__Task details__:
Scan the records below for the word "beta" and give only the number of lines that hold it.

Data records Block Start

lemma cmp_eq_zero_cancel[simp]:
  "Cmp D X Y Z g f = Zero D X Z \<Longrightarrow> W \<in> Ob D \<Longrightarrow> X \<in> Ob D \<Longrightarrow> Y \<in> Ob D \<Longrightarrow> Z \<in> Ob D \<Longrightarrow>
   f \<in> Hom D X Y \<Longrightarrow> g \<in> Hom D Y Z \<Longrightarrow> h \<in> Hom D W X \<Longrightarrow> Cmp D W Y Z g (Cmp D W X Y f h) = Zero D W Z"
  by (metis cmp_assoc cmp_zero_left)

lemma biproduct_eq_via_injections:
  assumes "is_biproduct D S A B p1 p2 i1 i2" "A \<in> Ob D" "B \<in> Ob D" "T \<in> Ob D"
    and "u \<in> Hom D S T" "v \<in> Hom D S T"
    and "Cmp D A S T u i1 = Cmp D A S T v i1" "Cmp D B S T u i2 = Cmp D B S T v i2"
  shows "u = v"
proof -
  have S: "S \<in> Ob D" "p1 \<in> Hom D S A" "p2 \<in> Hom D S B" "i1 \<in> Hom D A S" "i2 \<in> Hom D B S"
    and sum: "Add D S S (Cmp D S A S i1 p1) (Cmp D S B S i2 p2) = Id D S"
    using assms(1) unfolding is_biproduct_def by auto
  have "u = Cmp D S S T u (Add D S S (Cmp D S A S i1 p1) (Cmp D S B S i2 p2))"
    using sum S assms by simp
  also have "\<dots> = Add D S T (Cmp D S A T (Cmp D A S T u i1) p1) (Cmp D S B T (Cmp D B S T u i2) p2)"
    using S assms(2-6) by simp
  also have "\<dots> = Add D S T (Cmp D S A T (Cmp D A S T v i1) p1) (Cmp D S B T (Cmp D B S T v i2) p2)"
    using assms by simp
  also have "\<dots> = Cmp D S S T v (Add D S S (Cmp D S A S i1 p1) (Cmp D S B S i2 p2))"
    using S assms(2-6) by simp
  also have "\<dots> = v"
    using sum S assms by simp
  finally show ?thesis .
qed

lemma biproduct_eq_via_projections:
  assumes "is_biproduct D S A B p1 p2 i1 i2" "A \<in> Ob D" "B \<in> Ob D" "T \<in> Ob D"
    and "u \<in> Hom D T S" "v \<in> Hom D T S"
    and "Cmp D T S A p1 u = Cmp D T S A p1 v" "Cmp D T S B p2 u = Cmp D T S B p2 v"
  shows "u = v"
proof -
  have S: "S \<in> Ob D" "p1 \<in> Hom D S A" "p2 \<in> Hom D S B" "i1 \<in> Hom D A S" "i2 \<in> Hom D B S"
    and sum: "Add D S S (Cmp D S A S i1 p1) (Cmp D S B S i2 p2) = Id D S"
    using assms(1) unfolding is_biproduct_def by auto
  have "u = Cmp D T S S (Add D S S (Cmp D S A S i1 p1) (Cmp D S B S i2 p2)) u"
    using sum S assms by simp
  also have "\<dots> = Add D T S (Cmp D T A S i1 (Cmp D T S A p1 u)) (Cmp D T B S i2 (Cmp D T S B p2 u))"
    using S assms(2-6) by simp
  also have "\<dots> = Add D T S (Cmp D T A S i1 (Cmp D T S A p1 v)) (Cmp D T B S i2 (Cmp D T S B p2 v))"
    using assms by simp
  also have "\<dots> = Cmp D T S S (Add D S S (Cmp D S A S i1 p1) (Cmp D S B S i2 p2)) v"
    using S assms(2-6) by simp
  also have "\<dots> = v"
    using sum S assms by simp
  finally show ?thesis .
qed

lemma biproduct_hom_eq:
  assumes S: "is_biproduct D S A B p1 p2 i1 i2" and T: "is_biproduct D T A' B' q1 q2 j1 j2"
    and ob: "A \<in> Ob D" "B \<in> Ob D" "A' \<in> Ob D" "B' \<in> Ob D" and uv: "u \<in> Hom D S T" "v \<in> Hom D S T"
    and "Cmp D A T A' q1 (Cmp D A S T u i1) = Cmp D A T A' q1 (Cmp D A S T v i1)"
    and "Cmp D A T B' q2 (Cmp D A S T u i1) = Cmp D A T B' q2 (Cmp D A S T v i1)"
    and "Cmp D B T A' q1 (Cmp D B S T u i2) = Cmp D B T A' q1 (Cmp D B S T v i2)"
    and "Cmp D B T B' q2 (Cmp D B S T u i2) = Cmp D B T B' q2 (Cmp D B S T v i2)"
  shows "u = v"
proof -
  have S': "S \<in> Ob D" "i1 \<in> Hom D A S" "i2 \<in> Hom D B S" "T \<in> Ob D"
    using S T unfolding is_biproduct_def by auto
  show ?thesis
  proof (rule biproduct_eq_via_injections[OF S ob(1,2) S'(4) uv])
    show "Cmp D A S T u i1 = Cmp D A S T v i1"
      by (rule biproduct_eq_via_projections[OF T ob(3,4) ob(1)]) (use S' assms in simp_all)
    show "Cmp D B S T u i2 = Cmp D B S T v i2"
      by (rule biproduct_eq_via_projections[OF T ob(3,4) ob(2)]) (use S' assms in simp_all)
  qed
qed

lemma add_self_add:
  "X \<in> Ob D \<Longrightarrow> Y \<in> Ob D \<Longrightarrow> a \<in> Hom D X Y \<Longrightarrow> b \<in> Hom D X Y \<Longrightarrow>
   Add D X Y (Add D X Y a b) (Add D X Y a b) = Add D X Y (Add D X Y a a) (Add D X Y b b)"
  by (metis add_assoc add_commute add_hom)

lemma add_add_neg:
  assumes "X \<in> Ob D" "Y \<in> Ob D" "a \<in> Hom D X Y" "b \<in> Hom D X Y"
  shows "Add D X Y (Add D X Y a b) (Add D X Y a (Smul D X Y (-1) b)) = Add D X Y a a"
proof -
  have "Add D X Y (Add D X Y a b) (Add D X Y a (Smul D X Y (-1) b)) =
        Add D X Y a (Add D X Y a (Add D X Y b (Smul D X Y (-1) b)))"
    using assms by (metis add_assoc add_commute add_hom smul_hom)
  then show ?thesis using assms by simp
qed
lemma hol_poly_map_common_support:
  fixes P :: "nat \<Rightarrow> complex^'n \<Rightarrow> complex"
  assumes "hol_poly_map p P"
  obtains U c where "finite U" and "\<And>i z. i < p \<Longrightarrow> P i z = (\<Sum>\<alpha>\<in>U. c i \<alpha> * monom z \<alpha>)"
proof -
  have "\<forall>i\<in>{..<p}. \<exists>Aa. finite (fst Aa) \<and> (\<forall>z. P i z = (\<Sum>\<alpha>\<in>fst Aa. snd Aa \<alpha> * monom z \<alpha>))"
    using assms unfolding hol_poly_map_def hol_poly_def by auto
  then obtain Aa where Aa: "\<And>i. i < p \<Longrightarrow> finite (fst (Aa i)) \<and> (\<forall>z. P i z = (\<Sum>\<alpha>\<in>fst (Aa i). snd (Aa i) \<alpha> * monom z \<alpha>))"
    by (metis bchoice lessThan_iff)
  define U where "U = (\<Union>i<p. fst (Aa i))"
  define c where "c i \<alpha> = (if \<alpha> \<in> fst (Aa i) then snd (Aa i) \<alpha> else 0)" for i \<alpha>
  have "finite U" using Aa unfolding U_def by auto
  moreover have "P i z = (\<Sum>\<alpha>\<in>U. c i \<alpha> * monom z \<alpha>)" if "i < p" for i z
  proof -
    have "fst (Aa i) \<subseteq> U" using that unfolding U_def by auto
    then show ?thesis
      using Aa[OF that] \<open>finite U\<close> unfolding c_def by (simp add: if_distrib[of "\<lambda>x. x * _"] sum.If_cases Int_absorb1)
  qed
  ultimately show ?thesis by (rule that)
qed

lemma herm_sym_poly_weighted_sqnorm:
  fixes Q :: "nat \<Rightarrow> complex^'n \<Rightarrow> complex" and w :: "nat \<Rightarrow> real"
  assumes "hol_poly_map k Q"
  shows "herm_sym_poly (\<lambda>z. \<Sum>i<k. w i * (cmod (Q i z))\<^sup>2)"
proof -
  obtain U c where U: "finite U" and Q: "\<And>i z. i < k \<Longrightarrow> Q i z = (\<Sum>\<alpha>\<in>U. c i \<alpha> * monom z \<alpha>)"
    using hol_poly_map_common_support[OF assms] by blast
  define C where "C \<alpha>\<beta> = (\<Sum>i<k. of_real (w i) * c i (fst \<alpha>\<beta>) * cnj (c i (snd \<alpha>\<beta>)))" for \<alpha>\<beta>
  have square: "of_real ((cmod (Q i z))\<^sup>2)
      = (\<Sum>\<alpha>\<in>U. \<Sum>\<beta>\<in>U. c i \<alpha> * cnj (c i \<beta>) * monom z \<alpha> * cnj (monom z \<beta>))" if "i < k" for i z
    unfolding complex_norm_square Q[OF that] cnj_sum sum_product by (simp add: algebra_simps)
  show ?thesis unfolding herm_sym_poly_def
  proof (intro exI conjI allI)
    show "finite (U \<times> U)" using U by simp
    show "C (\<beta>, \<alpha>) = cnj (C (\<alpha>, \<beta>))" for \<alpha> \<beta>
      unfolding C_def by (simp add: cnj_sum mult.commute mult.left_commute)
    fix z
    have "complex_of_real (\<Sum>i<k. w i * (cmod (Q i z))\<^sup>2)
        = (\<Sum>i<k. of_real (w i) * of_real ((cmod (Q i z))\<^sup>2))"
      unfolding of_real_sum of_real_mult ..
    also have "\<dots> = (\<Sum>i<k. \<Sum>\<alpha>\<in>U. \<Sum>\<beta>\<in>U. of_real (w i) * c i \<alpha> * cnj (c i \<beta>) * monom z \<alpha> * cnj (monom z \<beta>))"
    proof (rule sum.cong[OF refl])
      fix i assume "i \<in> {..<k}"
      then show "of_real (w i) * of_real ((cmod (Q i z))\<^sup>2)
          = (\<Sum>\<alpha>\<in>U. \<Sum>\<beta>\<in>U. of_real (w i) * c i \<alpha> * cnj (c i \<beta>) * monom z \<alpha> * cnj (monom z \<beta>))"
        by (simp only: square lessThan_iff sum_distrib_left mult.assoc)
    qed
    also have "\<dots> = (\<Sum>\<alpha>\<in>U. \<Sum>\<beta>\<in>U. C (\<alpha>, \<beta>) * monom z \<alpha> * cnj (monom z \<beta>))"
      unfolding C_def sum_distrib_right by (subst sum.swap, subst (2) sum.swap) simp
    finally show "complex_of_real (\<Sum>i<k. w i * (cmod (Q i z))\<^sup>2)
        = (\<Sum>(\<alpha>, \<beta>)\<in>U \<times> U. C (\<alpha>, \<beta>) * monom z \<alpha> * cnj (monom z \<beta>))"
      by (simp add: sum.cartesian_product)
  qed
qed

lemma herm_sym_poly_sqnorm_diff:
  fixes P N :: "nat \<Rightarrow> complex^'n \<Rightarrow> complex"
  assumes "hol_poly_map p P" "hol_poly_map q N"
  shows "herm_sym_poly (\<lambda>z. sqnorm p P z - sqnorm q N z)"
proof -
  define Q where "Q i = (if i < p then P i else N (i - p))" for i
  define w :: "nat \<Rightarrow> real" where "w i = (if i < p then 1 else -1)" for i
  have "hol_poly_map (p + q) Q"
    using assms unfolding hol_poly_map_def Q_def by auto
  moreover have "(\<Sum>i<p + q. w i * (cmod (Q i z))\<^sup>2) = sqnorm p P z - sqnorm q N z" for z
    unfolding sqnorm_def by (induction q) (simp_all add: Q_def w_def)
  ultimately show ?thesis using herm_sym_poly_weighted_sqnorm[of "p + q" Q w] by simp
qed

lemma div_mod_less_of_less_mult:
  fixes j a p :: nat
  assumes "j < a * p"
  shows "j div p < a" "j mod p < p"
proof -
  have "p > 0" using assms by (cases "p = 0") auto
  then show "j div p < a" "j mod p < p" using assms by (simp_all add: div_less_iff_less_mult)
qed

lemma sum_lessThan_mult_div_mod:
  fixes g :: "nat \<Rightarrow> nat \<Rightarrow> 'a::comm_monoid_add"
  shows "(\<Sum>m<a * p. g (m div p) (m mod p)) = (\<Sum>i<a. \<Sum>j<p. g i j)"
proof -
  have "(\<Sum>m<a * p. g (m div p) (m mod p)) = (\<Sum>(i, j)\<in>{..<a} \<times> {..<p}. g i j)"
  proof (rule sum.reindex_bij_witness[where i = "\<lambda>(i, j). i * p + j" and j = "\<lambda>m. (m div p, m mod p)"])
    fix m assume "m \<in> {..<a * p}"
    then show "(m div p, m mod p) \<in> {..<a} \<times> {..<p}"
      using div_mod_less_of_less_mult by auto
  next
    fix ij assume "ij \<in> {..<a} \<times> {..<p}"
    moreover have "i * p + j < a * p" if "i < a" "j < p" for i j
    proof -
      have "i * p + j < Suc i * p" using \<open>j < p\<close> by simp
      also have "\<dots> \<le> a * p" using \<open>i < a\<close> by (intro mult_right_mono) auto
      finally show ?thesis .
    qed
    ultimately show "(case ij of (i, j) \<Rightarrow> i * p + j) \<in> {..<a * p}"
      and "((case ij of (i, j) \<Rightarrow> i * p + j) div p, (case ij of (i, j) \<Rightarrow> i * p + j) mod p) = ij"
      by auto
  qed auto
  then show ?thesis by (simp add: sum.cartesian_product)
qed

lemma sqnorm_tensor_map: "sqnorm (a * p) (tensor_map p B P) z = sqnorm a B z * sqnorm p P z"
  unfolding sqnorm_def tensor_map_def sum_product
  using sum_lessThan_mult_div_mod[where g = "\<lambda>i j. (cmod (B i z * P j z))\<^sup>2"]
  by (simp add: norm_mult power_mult_distrib)

lemma hol_poly_map_tensor_map:
  assumes "hol_poly_map a B" "hol_poly_map p P"
  shows "hol_poly_map (a * p) (tensor_map p B P)"
  unfolding hol_poly_map_def tensor_map_def
proof (intro allI impI)
  fix m assume "m < a * p"
  then have "m div p < a" "m mod p < p" by (rule div_mod_less_of_less_mult)+
  then show "hol_poly (\<lambda>z. B (m div p) z * P (m mod p) z)"
    using assms unfolding hol_poly_map_def by (intro hol_poly_mult) auto
qed

lemma hol_poly_map_poly_on_lines: "hol_poly_map k F \<Longrightarrow> i < k \<Longrightarrow> poly_on_lines (F i)"
  unfolding hol_poly_map_def by (simp add: hol_poly_imp_poly_on_lines)

lemma sqnorm_pos_if_component_nonzero: "i < l \<Longrightarrow> G i z \<noteq> 0 \<Longrightarrow> 0 < sqnorm l G z"
  unfolding sqnorm_def by (rule sum_pos2[of "{..<l}" i]) auto

lemma in_Q_imp_cleared_identity:
  fixes P N :: "nat \<Rightarrow> complex^'n \<Rightarrow> complex"
  assumes P: "hol_poly_map p P" and N: "hol_poly_map q N"
    and "in_Q (\<lambda>z. sqnorm p P z - sqnorm q N z)"
  obtains k F l G where "hol_poly_map k F" "hol_poly_map l G" "\<exists>z i. i < l \<and> G i z \<noteq> 0"
    "\<And>z. sqnorm l G z * (sqnorm p P z - sqnorm q N z) = sqnorm k F z"
proof -
  obtain k F l G where F: "hol_poly_map k F" and G: "hol_poly_map l G"
    and G_nz: "\<exists>z i. i < l \<and> G i z \<noteq> 0"
    and quot: "\<And>z. sqnorm l G z \<noteq> 0 \<Longrightarrow> sqnorm p P z - sqnorm q N z = sqnorm k F z / sqnorm l G z"
    using assms(3) unfolding in_Q_def by blast
  obtain w i0 where i0: "i0 < l" and w: "G i0 w \<noteq> 0" using G_nz by blast
  have "sqnorm l G z * (sqnorm p P z - sqnorm q N z) - sqnorm k F z = 0" for z
  proof (rule eq_0_if_eq_0_off_zeros[where g = "G i0" and w = w])
    show "poly_on_lines (G i0)" by (rule hol_poly_map_poly_on_lines[OF G i0])
    show "continuous_on UNIV (\<lambda>s. sqnorm l G (line_point y x s)
        * (sqnorm p P (line_point y x s) - sqnorm q N (line_point y x s)) - sqnorm k F (line_point y x s))"
      for y x
      using F G P N by (intro continuous_on_diff continuous_on_mult sqnorm_continuous_on_line
          hol_poly_map_poly_on_lines)
  next
    fix z assume "G i0 z \<noteq> 0"
    then have "sqnorm l G z \<noteq> 0" using sqnorm_pos_if_component_nonzero[OF i0] by fastforce
    then show "sqnorm l G z * (sqnorm p P z - sqnorm q N z) - sqnorm k F z = 0"
      using quot[of z] by simp
  qed (rule w)
  then show ?thesis by (intro that[OF F G G_nz]) simp
qed

lemma in_Q_imp_contraction:
  fixes P N :: "nat \<Rightarrow> complex^'n \<Rightarrow> complex"
  assumes P: "hol_poly_map p P" and N: "hol_poly_map q N"
    and "in_Q (\<lambda>z. sqnorm p P z - sqnorm q N z)"
  shows "\<exists>a B L. hol_poly_map a B \<and> (\<exists>z i. i < a \<and> B i z \<noteq> 0) \<and>
       nonneg_def (a * p) (id_minus_adj_mult (a * q) L) \<and>
       (\<forall>z. \<forall>i < a * q. tensor_map q B N i z = mat_apply (a * p) L (\<lambda>j. tensor_map p B P j z) i)"
proof -
  obtain k F l G where F: "hol_poly_map k F" and G: "hol_poly_map l G"
    and G_nz: "\<exists>z i. i < l \<and> G i z \<noteq> 0"
    and cleared: "\<And>z. sqnorm l G z * (sqnorm p P z - sqnorm q N z) = sqnorm k F z"
    by (rule in_Q_imp_cleared_identity[OF assms]) blast
  have "sqnorm (l * p) (tensor_map p G P) z = sqnorm (l * q) (tensor_map q G N) z + sqnorm k F z" for z
    using cleared[of z] unfolding sqnorm_tensor_map by (simp add: algebra_simps)
  then obtain L where "\<forall>z. \<forall>i<l * q. tensor_map q G N i z = mat_apply (l * p) L (\<lambda>j. tensor_map p G P j z) i"
    and "\<forall>v. sqnorm_vec (l * q) (mat_apply (l * p) L v) \<le> sqnorm_vec (l * p) v"
    using contraction_of_sqnorm_identity[where A = "tensor_map p G P" and C = "tensor_map q G N" and F = F,
        OF hol_poly_map_poly_on_lines[OF hol_poly_map_tensor_map[OF G P]]
        hol_poly_map_poly_on_lines[OF hol_poly_map_tensor_map[OF G N]]
        hol_poly_map_poly_on_lines[OF F]]
    by blast
  then show ?thesis
    using G G_nz unfolding nonneg_def_id_minus_adj_mult_iff by blast
qed

lemma contraction_imp_in_Q:
  fixes P N B :: "nat \<Rightarrow> complex^'n \<Rightarrow> complex"
  assumes P: "hol_poly_map p P" and N: "hol_poly_map q N"
    and B: "hol_poly_map a B" and B_nz: "\<exists>z i. i < a \<and> B i z \<noteq> 0"
    and L: "nonneg_def (a * p) (id_minus_adj_mult (a * q) L)"
    and factor: "\<forall>z. \<forall>i < a * q. tensor_map q B N i z = mat_apply (a * p) L (\<lambda>j. tensor_map p B P j z) i"
  shows "in_Q (\<lambda>z. sqnorm p P z - sqnorm q N z)"
proof -
  obtain K :: nat and c where c: "\<And>v. sqnorm_vec (a * p) v - sqnorm_vec (a * q) (mat_apply (a * p) L v)
      = sqnorm_vec K (mat_apply (a * p) c v)"
    using contraction_defect_sum_of_squares[OF L] by blast
  define F where "F k z = mat_apply (a * p) c (\<lambda>j. tensor_map p B P j z) k" for k z
  have cleared: "sqnorm K F z = sqnorm a B z * (sqnorm p P z - sqnorm q N z)" for z
  proof -
    define v where "v = (\<lambda>j. tensor_map p B P j z)"
    have "sqnorm_vec (a * q) (mat_apply (a * p) L v) = sqnorm (a * q) (tensor_map q B N) z"
      unfolding sqnorm_eq_sqnorm_vec by (rule sqnorm_vec_cong) (simp add: factor v_def)
    moreover have "sqnorm_vec (a * p) v = sqnorm (a * p) (tensor_map p B P) z"
      unfolding sqnorm_eq_sqnorm_vec v_def ..
    ultimately show ?thesis
      using c[of v] unfolding F_def sqnorm_eq_sqnorm_vec[of K] v_def sqnorm_tensor_map
      by (simp add: right_diff_distrib)
  qed
  then have "\<forall>z. sqnorm a B z \<noteq> 0 \<longrightarrow> sqnorm p P z - sqnorm q N z = sqnorm K F z / sqnorm a B z"
    by simp
  moreover have "hol_poly_map K F"
    using hol_poly_map_tensor_map[OF B P]
    unfolding hol_poly_map_def F_def mat_apply_def by (intro allI impI hol_poly_sum hol_poly_scale) auto
  ultimately show ?thesis
    unfolding in_Q_def using herm_sym_poly_sqnorm_diff[OF P N] B B_nz by blast
qed

theorem proposition3p1:
  fixes P N :: "nat \<Rightarrow> complex^'n \<Rightarrow> complex" and p q :: nat
  assumes "hol_poly_map p P" and "hol_poly_map q N"
  shows "in_Q (\<lambda>z. sqnorm p P z - sqnorm q N z) \<longleftrightarrow>
    (\<exists>a B L. hol_poly_map a B \<and> (\<exists>z i. i < a \<and> B i z \<noteq> 0) \<and>
       nonneg_def (a * p) (id_minus_adj_mult (a * q) L) \<and>
       (\<forall>z. \<forall>i < a * q. tensor_map q B N i z = mat_apply (a * p) L (\<lambda>j. tensor_map p B P j z) i))"
  using in_Q_imp_contraction[OF assms] contraction_imp_in_Q[OF assms] by blast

Data records Block End

__Task result__:
7